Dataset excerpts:
• • • •
definition maximal_isotropic :: "((real^'m) \<times> (real^'m)) set \<Rightarrow> bool" where
  "maximal_isotropic W \<longleftrightarrow> isotropic W \<and>
     (\<forall>V. subspace V \<longrightarrow> W \<subseteq> V \<longrightarrow> isotropic V \<longrightarrow> V = W)"

definition dirac :: "(real^'m \<Rightarrow> ((real^'m) \<times> (real^'m)) set) \<Rightarrow> bool" where
  "dirac L \<longleftrightarrow> big_isotropic L \<and> (\<forall>x. maximal_isotropic (L x))"

end

theory Submission imports Defs begin

text \<open>Since 1 + \<Sum>i. exp u_i > 0, every fibre of L_(B,D^t) is the same subspace
  W = {(B z, D^t z)}, which is isotropic because DB is antisymmetric. For two sections of a
  constant isotropic subspace, differentiating the isotropy relations shows that the Courant
  bracket collapses to Ds_2(X_1) - Ds_1(X_2), which again lies in W. An isotropic subspace of
  R^m \<times> R^m has dimension at most m, and W has dimension m when ker B \<inter> ker D^t = 0, so it is
  then maximal. Finally, condition (2) says that all off-diagonal entries in column i of D equal
  c_i = \<Sum>k. d_ki q_k; with this, (1 + \<Sum>i. exp u_i) D^t \<eta>_q(u) is exactly the gradient of H_D,
  and z = \<eta>_q(u) exhibits (Y_B(u), dH_D(u)) as a point of L_(B,D^t).\<close>

lemma inner_transpose_matrix_vector:
  "(transpose M *v x) \<bullet> (y::real^'n) = x \<bullet> (M *v y)"
  by (simp add: transpose_matrix_vector dot_lmul_matrix)

lemma dfun_eq_partials:
  assumes "(f has_derivative f') (at x)"
  shows "dfun f x = (\<chi> i. f' (axis i 1))"
  using frechet_derivative_at[OF assms] by (simp add: dfun_def pderiv_at_def)

lemma dfun_eq_gradient:
  assumes "(f has_derivative (\<lambda>v. g \<bullet> v)) (at x)"
  shows "dfun f x = g"
  using dfun_eq_partials[OF assms] by (simp add: inner_axis vec_eq_iff)

lemma Ck_const: "Ck k (\<lambda>x::real^'m. c :: real^'k)"
proof (induction k arbitrary: c)
  case 0
  then show ?case by simp
next
  case (Suc k)
  have "pderiv_at (\<lambda>x::real^'m. c) i = (\<lambda>x. 0)" for i
    using frechet_derivative_at[OF has_derivative_const] by (auto simp: pderiv_at_def)
  then show ?case using Suc by simp
qed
• • • •
Exercise -> An exact copy of every record is needed.

Solution to this exercise ->
definition maximal_isotropic :: "((real^'m) \<times> (real^'m)) set \<Rightarrow> bool" where
  "maximal_isotropic W \<longleftrightarrow> isotropic W \<and>
     (\<forall>V. subspace V \<longrightarrow> W \<subseteq> V \<longrightarrow> isotropic V \<longrightarrow> V = W)"

definition dirac :: "(real^'m \<Rightarrow> ((real^'m) \<times> (real^'m)) set) \<Rightarrow> bool" where
  "dirac L \<longleftrightarrow> big_isotropic L \<and> (\<forall>x. maximal_isotropic (L x))"

end

theory Submission imports Defs begin

text \<open>Since 1 + \<Sum>i. exp u_i > 0, every fibre of L_(B,D^t) is the same subspace
  W = {(B z, D^t z)}, which is isotropic because DB is antisymmetric. For two sections of a
  constant isotropic subspace, differentiating the isotropy relations shows that the Courant
  bracket collapses to Ds_2(X_1) - Ds_1(X_2), which again lies in W. An isotropic subspace of
  R^m \<times> R^m has dimension at most m, and W has dimension m when ker B \<inter> ker D^t = 0, so it is
  then maximal. Finally, condition (2) says that all off-diagonal entries in column i of D equal
  c_i = \<Sum>k. d_ki q_k; with this, (1 + \<Sum>i. exp u_i) D^t \<eta>_q(u) is exactly the gradient of H_D,
  and z = \<eta>_q(u) exhibits (Y_B(u), dH_D(u)) as a point of L_(B,D^t).\<close>

lemma inner_transpose_matrix_vector:
  "(transpose M *v x) \<bullet> (y::real^'n) = x \<bullet> (M *v y)"
  by (simp add: transpose_matrix_vector dot_lmul_matrix)

lemma dfun_eq_partials:
  assumes "(f has_derivative f') (at x)"
  shows "dfun f x = (\<chi> i. f' (axis i 1))"
  using frechet_derivative_at[OF assms] by (simp add: dfun_def pderiv_at_def)

lemma dfun_eq_gradient:
  assumes "(f has_derivative (\<lambda>v. g \<bullet> v)) (at x)"
  shows "dfun f x = g"
  using dfun_eq_partials[OF assms] by (simp add: inner_axis vec_eq_iff)

lemma Ck_const: "Ck k (\<lambda>x::real^'m. c :: real^'k)"
proof (induction k arbitrary: c)
  case 0
  then show ?case by simp
next
  case (Suc k)
  have "pderiv_at (\<lambda>x::real^'m. c) i = (\<lambda>x. 0)" for i
    using frechet_derivative_at[OF has_derivative_const] by (auto simp: pderiv_at_def)
  then show ?case using Suc by simp
qed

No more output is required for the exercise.